Background: This study presents the epidemiological data and clinico-pathological features of oral cancer in patients treated in Prince Sultan Military Medical City, Oncology Department over the last 7 years. 
Methods: We reviewed all available data in our electronic and paper files for patients who had a confirmed pathology diagnosis of oral cavity malignancies between the years 2009-2015.
Results: We had a total of 87 patients with pathological confirmed oral cancer. The majority of patients were males (Male:Female=1.63:1). Median age at diagnosis was 62 years (24-95). History related to risk factors was completed in only 59 patients (68%). Forty-five patients (76%) have a positive history for tobacco usage either smoking and/or chewing (shamma). The use of shamma, (a mixture of powdered tobacco, lime, ash, black pepper, oils and flavorings), was confirmed in 31/59 patients (either alone or associated with smoking).
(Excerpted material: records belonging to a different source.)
(* Let $e\ge 1$ and let $(x_n)_{n\in\mathbb{Z}}$ be any doubly infinite path in $X_{PGL_2(F)}$. Then there exist $\alpha,\tau\in\hat G^{(e)}$ such that $\alpha(x_n)=x_{-n}$ and $\tau(x_n)=x_{n+1}$ for all $n\in\mathbb{Z}$.
   Context: Let $F$ be a non-archimedean local field with ring of integers $\mathfrak{o}$, uniformizer $\varpi$, and finite residue field of cardinality $q$. $X=X_{PGL_2(F)}$ is the Bruhat–Tits tree of $PGL_2(F)$: its vertices are homothety classes $[L]$ (under $F^\times$) of $\mathfrak{o}$-lattices $L\subset F^2$, and $[L],[L']$ are joined by an edge iff there are representatives with $\varpi L\subsetneq L'\subsetneq L$; it is a $(q+1)$-regular tree. $d$ is the path-length distance on vertices; $\mathrm{Aut}(X)$ is the group of distance-preserving bijections of the vertex set, with the topology of pointwise convergence. $GL_2(F)$ acts on lattices through its linear action on $F^2$, the centre acts trivially, and this gives an embedding $PGL_2(F)\hookrightarrow\mathrm{Aut}(X)$. For an edge $\eta=\{x_1,x_2\}$ and $e\ge1$, $B(\eta,e)=\{y: \min(d(y,x_1),d(y,x_2))\le e\}$. Define $\hat G^{(e)}=\{g\in\mathrm{Aut}(X):\ \text{for every edge }\eta\ \text{there is } g'\in PGL_2(F)\text{ with } g|_{B(\eta,e)}=g'|_{B(\eta,e)}\}$. A doubly infinite path is a sequence $(x_n)_{n\in\mathbb{Z}}$ of distinct vertices with $x_n,x_{n+1}$ adjacent for all $n$. *)

theory Defs
  imports Main
begin

text \<open>A non-archimedean local field is modelled as a field carrying a normalised
discrete valuation val (val x is meaningful for x nonzero only; val 0 is ignored)
which is surjective onto the integers, complete for the induced metric, and has
finite residue field.\<close>

definition ring_int :: "('a::field \<Rightarrow> int) \<Rightarrow> 'a set" where
  "ring_int val = {x. x = 0 \<or> 0 \<le> val x}"

definition max_ideal :: "('a::field \<Rightarrow> int) \<Rightarrow> 'a set" where
  "max_ideal val = {x. x = 0 \<or> 1 \<le> val x}"

definition residue_class :: "('a::field \<Rightarrow> int) \<Rightarrow> 'a \<Rightarrow> 'a set" where
  "residue_class val x = {y \<in> ring_int val. y - x \<in> max_ideal val}"

definition nonarch_local_field :: "('a::field \<Rightarrow> int) \<Rightarrow> bool" where
  "nonarch_local_field val \<longleftrightarrow>
     (\<forall>x y. x \<noteq> 0 \<longrightarrow> y \<noteq> 0 \<longrightarrow> val (x * y) = val x + val y) \<and>
     (\<forall>x y. x \<noteq> 0 \<longrightarrow> y \<noteq> 0 \<longrightarrow> x + y \<noteq> 0 \<longrightarrow> min (val x) (val y) \<le> val (x + y)) \<and>
     (\<forall>k. \<exists>x. x \<noteq> 0 \<and> val x = k) \<and>
     (\<forall>s :: nat \<Rightarrow> 'a.
        (\<forall>N::int. \<exists>M. \<forall>m\<ge>M. \<forall>n\<ge>M. s m - s n = 0 \<or> N \<le> val (s m - s n)) \<longrightarrow>
        (\<exists>l. \<forall>N::int. \<exists>M. \<forall>n\<ge>M. s n - l = 0 \<or> N \<le> val (s n - l))) \<and>
     finite (residue_class val ` ring_int val)"

definition lattice :: "('a::field \<Rightarrow> int) \<Rightarrow> ('a \<times> 'a) set \<Rightarrow> bool" where
  "lattice val L \<longleftrightarrow> (\<exists>u1 u2 w1 w2. u1 * w2 - u2 * w1 \<noteq> 0 \<and>
      L = {(a * u1 + b * w1, a * u2 + b * w2) | a b. a \<in> ring_int val \<and> b \<in> ring_int val})"

definition scale_set :: "'a::field \<Rightarrow> ('a \<times> 'a) set \<Rightarrow> ('a \<times> 'a) set" where
  "scale_set c L = (\<lambda>(p, r). (c * p, c * r)) ` L"

text \<open>Vertices: homothety classes of lattices, represented as sets of lattices.\<close>

definition hclass :: "('a::field \<times> 'a) set \<Rightarrow> ('a \<times> 'a) set set" where
  "hclass L = {scale_set c L | c. c \<noteq> 0}"

definition vertices :: "('a::field \<Rightarrow> int) \<Rightarrow> ('a \<times> 'a) set set set" where
  "vertices val = {hclass L | L. lattice val L}"

definition adj :: "('a::field \<Rightarrow> int) \<Rightarrow> ('a \<times> 'a) set set \<Rightarrow> ('a \<times> 'a) set set \<Rightarrow> bool" where
  "adj val x y \<longleftrightarrow> x \<in> vertices val \<and> y \<in> vertices val \<and>
     (\<exists>L\<in>x. \<exists>L'\<in>y. \<exists>\<pi>. \<pi> \<noteq> 0 \<and> val \<pi> = 1 \<and> scale_set \<pi> L \<subset> L' \<and> L' \<subset> L)"

definition dist_tree :: "('a::field \<Rightarrow> int) \<Rightarrow> ('a \<times> 'a) set set \<Rightarrow> ('a \<times> 'a) set set \<Rightarrow> nat" where
  "dist_tree val x y = (LEAST n. \<exists>p :: nat \<Rightarrow> ('a \<times> 'a) set set.
      p 0 = x \<and> p n = y \<and> (\<forall>i<n. adj val (p i) (p (Suc i))))"

definition Aut :: "('a::field \<Rightarrow> int) \<Rightarrow> (('a \<times> 'a) set set \<Rightarrow> ('a \<times> 'a) set set) set" where
  "Aut val = {g. bij_betw g (vertices val) (vertices val) \<and>
      (\<forall>x\<in>vertices val. \<forall>y\<in>vertices val. dist_tree val (g x) (g y) = dist_tree val x y)}"

text \<open>GL_2(F) matrices (a b; c d) and their action on vertices (centre acts trivially,
so this is the action of PGL_2(F)).\<close>

definition mat_vec :: "'a::field \<times> 'a \<times> 'a \<times> 'a \<Rightarrow> 'a \<times> 'a \<Rightarrow> 'a \<times> 'a" where
  "mat_vec M v = (case M of (a, b, c, d) \<Rightarrow> case v of (p, r) \<Rightarrow> (a * p + b * r, c * p + d * r))"

definition GL2 :: "('a::field \<times> 'a \<times> 'a \<times> 'a) set" where
  "GL2 = {(a, b, c, d). a * d - b * c \<noteq> 0}"

definition mat_act :: "'a::field \<times> 'a \<times> 'a \<times> 'a \<Rightarrow> ('a \<times> 'a) set set \<Rightarrow> ('a \<times> 'a) set set" where
  "mat_act M x = (\<lambda>L. mat_vec M ` L) ` x"
lemma exists_cuspidal_type_with_digits:
  fixes \<gamma> \<theta> :: "nat \<Rightarrow> int"
  assumes p: "p > 1" and f: "f \<ge> 1" and J: "profile f True J"
    and digits: "\<forall>i<2 * f. 0 \<le> \<gamma> i \<and> \<gamma> i < int p"
    and complement: "\<forall>i<2 * f. \<gamma> ((i + f) mod (2 * f)) = int p - 1 - \<gamma> i"
  shows "\<exists>a a'. tame_inertial_type p f True a a' \<and> (\<forall>i<2 * f. gamma p f True a a' i = \<gamma> i) \<and>
           Theta_exps p f True a a' J \<theta>"
proof -
  define q where "q = int p"
  define P where "P = q ^ f"
  define M where "M = q ^ (2 * f) - 1"
  define S where "S = char_exponent q (2 * f) (t_digits f True \<gamma> J)"
  define T where "T = char_exponent q f \<theta>"
  define X where "X = char_exponent q (2 * f) \<gamma>"
  \<comment> \<open>\<open>a\<close> solves \<open>(1 + P) T \<equiv> P a + S\<close> modulo \<open>M = (P - 1)(P + 1)\<close>\<close>
  define a where "a = S + (P + 1) * (T - S)"
  define a' where "a' = P * a"
  have fp: "fprime f True = 2 * f" by (simp add: fprime_def)
  have M_factor: "M = (P - 1) * (P + 1)"
    by (simp add: M_def P_def power_mult power2_eq_square algebra_simps)
  have "M dvd (P - 1) * S + X"
    using cuspidal_char_exponent_cong[OF f J complement]
    by (simp add: cong_iff_dvd_diff P_def M_def S_def X_def q_def)
  moreover have "a - a' - X = M * (S - T) - ((P - 1) * S + X)"
    by (simp add: a'_def a_def M_factor algebra_simps)
  ultimately have "[a - a' = X] (mod M)"
    unfolding cong_iff_dvd_diff by (metis dvd_diff dvd_triv_left)
  moreover have "\<exists>i<2 * f. \<gamma> i \<noteq> 0" and "\<exists>i<2 * f. \<gamma> i \<noteq> int p - 1"
  proof -
    have \<gamma>_f: "\<gamma> f = int p - 1 - \<gamma> 0" and "0 < 2 * f" and "f < 2 * f"
      using complement[rule_format, of 0] f by simp_all
    show "\<exists>i<2 * f. \<gamma> i \<noteq> 0"
    proof (cases "\<gamma> 0 = 0")
      case True
      then show ?thesis using \<gamma>_f p \<open>f < 2 * f\<close> by (intro exI[of _ f]) simp
    qed (use \<open>0 < 2 * f\<close> in blast)
    show "\<exists>i<2 * f. \<gamma> i \<noteq> int p - 1"
    proof (cases "\<gamma> 0 = int p - 1")
      case True
      then show ?thesis using \<gamma>_f p \<open>f < 2 * f\<close> by (intro exI[of _ f]) simp
    qed (use \<open>0 < 2 * f\<close> in blast)
  qed
  ultimately have G: "\<forall>i<2 * f. gamma p f True a a' i = \<gamma> i" and "\<not> [a = a'] (mod M)"
    using gamma_eq_digits[OF p f, of True \<gamma> a a'] digits by (simp_all add: fp M_def X_def q_def)
  then have "tame_inertial_type p f True a a'"
    by (simp add: tame_inertial_type_def fp M_def q_def a'_def P_def)
  moreover have "[T * (1 + P) = a' + S] (mod M)"
  proof -
    have "T * (1 + P) - (a' + S) = M * (S - T)"
      by (simp add: a'_def a_def M_factor algebra_simps)
    then show ?thesis by (simp add: cong_iff_dvd_diff)
  qed
  then have "Theta_exps p f True a a' J \<theta>"
    using t_J_eq_t_digits[of f True p a a' \<gamma> q J] G
    by (simp add: Theta_exps_def Let_def fp T_def S_def P_def M_def q_def char_exponent_def)
  ultimately show ?thesis using G by blast
qed

section \<open>Solving \<open>s\<^sub>J\<^sub>,\<^sub>i = d\<^sub>i - 1\<close> for the digits\<close>

definition jumps_at :: "nat \<Rightarrow> bool \<Rightarrow> nat set \<Rightarrow> nat \<Rightarrow> bool" where
  "jumps_at f cusp J i \<longleftrightarrow> (prev_idx f cusp i \<in> J) \<noteq> (i \<in> J)"

definition profile_digit :: "nat \<Rightarrow> nat \<Rightarrow> bool \<Rightarrow> nat set \<Rightarrow> (nat \<Rightarrow> int) \<Rightarrow> nat \<Rightarrow> int" where
  "profile_digit p f cusp J d i =
     (if prev_idx f cusp i \<in> J then int p - d (i mod f) - ind (- J) i else d (i mod f) - 1 + ind J i)"

lemma s_J_profile_digit:
  "gamma p f cusp a a' i = profile_digit p f cusp J d i \<Longrightarrow> s_J p f cusp a a' J i = d (i mod f) - 1"
  by (simp add: s_J_def profile_digit_def)

lemma profile_digit_range:
  assumes "0 \<le> d (i mod f)" and "d (i mod f) \<le> int p"
    and "d (i mod f) = 0 \<Longrightarrow> jumps_at f cusp J i" and "d (i mod f) = int p \<Longrightarrow> \<not> jumps_at f cusp J i"
  shows "0 \<le> profile_digit p f cusp J d i \<and> profile_digit p f cusp J d i < int p"
  using assms
  by (cases "d (i mod f) = 0"; cases "d (i mod f) = int p")
     (auto simp: profile_digit_def jumps_at_def ind_def)

lemma profile_digit_complement:
  assumes f: "f \<ge> 1" and J: "profile f True J" and i: "i < 2 * f"
  shows "profile_digit p f True J d ((i + f) mod (2 * f)) = int p - 1 - profile_digit p f True J d i"
proof -
  have "((i + f) mod (2 * f)) mod f = i mod f"
    by (simp add: mod_mod_cancel)
  moreover have "prev_idx f True ((i + f) mod (2 * f)) \<in> J \<longleftrightarrow> prev_idx f True i \<notin> J"
    using profile_cuspidal_shift[OF J] prev_idx_less[OF f, of True]
    by (simp add: prev_idx_cuspidal_shift[OF f] fprime_def)
  ultimately show ?thesis
    using profile_cuspidal_shift[OF J i] by (auto simp: profile_digit_def ind_def)
qed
Oral Tongue as a primary site represents about half of the patients 44(50.6%), followed by alveolar ridge (16.1%) and floor of mouth (11.5%), buccal mucosa (10.3%) and other sites (11.5%). Two thirds of patients (66.6%) presented with advanced stages (III and IV). The estimated 5-year overall survival rates were 77.1% for the early stage disease group and 45.9% for the advanced stage disease group (P=0.028). The 5-year progression-free survival rates were 65.6% for the early stage disease group compared with 28.1% for the advanced stage disease group (P=0.02).
Conclusions: Most of our cases have a positive history of tobacco usage. This together with the high percentage of advanced diseases that carried a significantly poor outcome warrant the need for effective anti-tobacco campaigns, public awareness and primary care physicians education for early detection of disease.